Creatine daily, consistency over loading. 3-5 g/day, any time. No loading phase needed — stores saturate over 3-4 weeks. Take it every day including rest days.
Resistance training is non-negotiable. This protocol does not work without it. Walking is excellent for cardiovascular health and fall prevention but does not build muscle. You need progressive resistance.
Vitamin D blood test. Aim for 25(OH)D between 30 and 50 ng/mL. Dose to that range; most older adults need 1000-2000 IU/day.
Treat illness and hospitalization as muscle emergencies. Two weeks of bed rest in an older adult can cost a kilogram of lean mass. During illness, push protein intake even higher and add HMB if available.
5 nutrients
Start here
Strongest evidence — the foundation of the stack.
Whey Protein (or EAA blend)
30-40 g per meal, 3-4 times daily; or 10-15 g EAA blend if appetite limitedOlder adults have anabolic resistance — the same protein dose that maximally stimulates muscle protein synthesis in young adults (20 g) is sub-threshold in older adults. Trial evidence and the PROT-AGE position paper both recommend 30-40 g of high-quality protein per meal, hitting at least 1.2 g/kg/day total. Whey delivers the highest leucine content per gram, which is the primary trigger for muscle protein synthesis. If appetite is limited, an essential amino acid (EAA) blend at 10-15 g is more efficient per gram than whole protein.[1, 2, 3]
Creatine Monohydrate
3-5 g daily, any timeThe Candow 2019 review summarized multiple trials showing creatine combined with resistance training in older adults produces substantial gains in muscle mass, strength, and physical function — larger than either intervention alone. Creatine also has emerging evidence for bone density and falls prevention in this group. No loading phase needed; daily consistency over 3-4 weeks saturates muscle stores. Monohydrate is the gold-standard form; expensive variants offer no advantage.[4, 5, 6]
Add if needed
Add these only if the foundation isn't enough.
Leucine (or HMB)
2-3 g leucine with meals, or 3 g HMB daily (split dose)Leucine is the primary amino acid trigger for muscle protein synthesis. Katsanos 2006 demonstrated that older adults need a higher proportion of leucine in an amino acid mix than young adults to maximally stimulate MPS — additional leucine alongside meals can overcome anabolic resistance when total protein intake is borderline.

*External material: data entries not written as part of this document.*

section \<open>Congruences\<close>

lemma Con_compat:
  "\<theta> \<in> Con ar M \<Longrightarrow> length xs = ar f \<Longrightarrow> length ys = ar f \<Longrightarrow>
   (\<And>i. i < ar f \<Longrightarrow> (xs ! i, ys ! i) \<in> \<theta>) \<Longrightarrow> (uops M f xs, uops M f ys) \<in> \<theta>"
  unfolding Con_def by blast

lemma Con_equiv: "\<theta> \<in> Con ar M \<Longrightarrow> equiv (ucarrier M) \<theta>"
  unfolding Con_def by blast

lemma Con_subset_nabla: "\<theta> \<in> Con ar M \<Longrightarrow> \<theta> \<subseteq> nabla M"
  unfolding Con_def nabla_def equiv_def by blast

lemma nabla_Con:
  assumes "is_alg ar M" shows "nabla M \<in> Con ar M"
proof -
  have "equiv (ucarrier M) (nabla M)"
    unfolding nabla_def equiv_def refl_on_def sym_def trans_def by blast
  moreover have "(uops M f xs, uops M f ys) \<in> nabla M"
    if "length xs = ar f" "length ys = ar f" "\<forall>i<ar f. (xs ! i, ys ! i) \<in> nabla M" for f xs ys
  proof -
    have "set xs \<subseteq> ucarrier M" "set ys \<subseteq> ucarrier M"
      using that by (auto simp: nabla_def in_set_conv_nth)
    then show ?thesis using assms that unfolding is_alg_def nabla_def by auto
  qed
  ultimately show ?thesis unfolding Con_def by blast
qed

lemma delta_Con:
  assumes "is_alg ar M" shows "delta M \<in> Con ar M"
proof -
  have "equiv (ucarrier M) (delta M)"
    unfolding delta_def equiv_def refl_on_def sym_def trans_def by auto
  moreover have "(uops M f xs, uops M f ys) \<in> delta M"
    if "length xs = ar f" "length ys = ar f" "\<forall>i<ar f. (xs ! i, ys ! i) \<in> delta M" for f xs ys
  proof -
    have "xs = ys" using that by (intro nth_equalityI) (auto simp: delta_def)
    moreover have "set xs \<subseteq> ucarrier M"
      using that by (auto simp: delta_def in_set_conv_nth)
    ultimately show ?thesis using assms that unfolding is_alg_def delta_def by auto
  qed
  ultimately show ?thesis unfolding Con_def by blast
qed

lemma Inter_Con:
  assumes "S \<noteq> {}" "S \<subseteq> Con ar M" shows "\<Inter>S \<in> Con ar M"
proof -
  have "equiv (ucarrier M) (\<Inter>S)"
    using assms unfolding Con_def equiv_def refl_on_def sym_def trans_def by blast
  then show ?thesis using assms unfolding Con_def by blast
qed

lemma cjoin_Con:
  assumes "is_alg ar M" "S \<subseteq> Con ar M" shows "cjoin ar M S \<in> Con ar M"
proof -
  have "nabla M \<in> {\<theta> \<in> Con ar M. \<Union>S \<subseteq> \<theta>}"
    using assms nabla_Con Con_subset_nabla by blast
  then show ?thesis unfolding cjoin_def by (intro Inter_Con) auto
qed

HMB (beta-hydroxy-beta-methylbutyrate) is a downstream leucine metabolite with strong evidence in older adults, particularly during illness, hospitalization, or unintended weight loss. The Wu 2015 meta-analysis showed HMB preserved muscle mass in older adults across seven RCTs. Choose leucine if protein intake is adequate; choose HMB if dealing with illness, immobility, or sarcopenia confirmed by DEXA.[7, 8, 9]
Vitamin D3
1000-2000 IU daily, dose to 25(OH)D 30-50 ng/mLVitamin D deficiency correlates strongly with sarcopenia and weakness in older adults. The Bischoff-Ferrari 2009 BMJ meta-analysis showed supplemental vitamin D at 700-1000 IU/day reduced fall risk in older adults by roughly 19%. Falls are the bridge between sarcopenia and fracture, so the falls-prevention benefit compounds with the muscle benefit. Get a 25(OH)D blood test and aim for the 30-50 ng/mL range. Most older adults living at higher latitudes or with limited sun exposure need 1000-2000 IU/day to reach that range.[10, 11, 12]
Experimental
Emerging evidence — try last, only if curious.
Omega-3 EPA/DHA
2-4 g combined EPA+DHA dailySmith 2011 showed that 4 g/day of omega-3 fish oil for 8 weeks enhanced the muscle protein synthesis response to amino acids and insulin in older adults — a direct mechanistic answer to anabolic resistance. Smith 2015 followed up with a 6-month trial showing fish oil increased thigh muscle volume and grip strength in healthy older adults. The signal is consistent but the evidence base is smaller than for the foundational interventions, so this stays in the experimental tier. The benefit likely runs through dampening chronic inflammation and modulating muscle membrane composition.[13, 14, 15]
Warnings
Lifestyle improvements
Resistance training is the protocol
Without progressive resistance training, none of this works. 2-3 sessions per week of compound movements (squats, hinges, presses, rows) at intensities that get genuinely hard for you. Start with bodyweight or bands; graduate to dumbbells or machines. A qualified trainer or physical therapist is worth every dollar in the first 3 months.
Balance and fall prevention work
Sarcopenia drives falls, falls drive fractures, fractures drive mortality. Tai chi, single-leg stands, heel-to-toe walks, and yoga have RCT evidence for reducing fall risk in older adults. 2-3 short sessions per week, even 10 minutes at a time, compound substantially.
Don't under-eat
Older adults commonly slip into chronic under-eating from reduced appetite, dental issues, or just losing the rhythm of meal-making after retirement or widowhood. If you're trying to build muscle, you cannot do it in a calorie deficit. Track intake for a week if you suspect this is happening.
Eat with other people when you can
The single strongest predictor of adequate protein intake in older adults isn't education or income — it's whether they regularly eat with others. Solo eaters skew toward smaller, lower-protein meals. Family meals, senior-center lunches, or a regular meal partner consistently move the needle.
Sleep matters more, not less, with age
Muscle protein synthesis is hormonally tied to deep sleep. Older adults often get less of it; aiming for 7-9 hours and treating sleep disorders (apnea is wildly underdiagnosed in older adults) protects what your training and protein intake build.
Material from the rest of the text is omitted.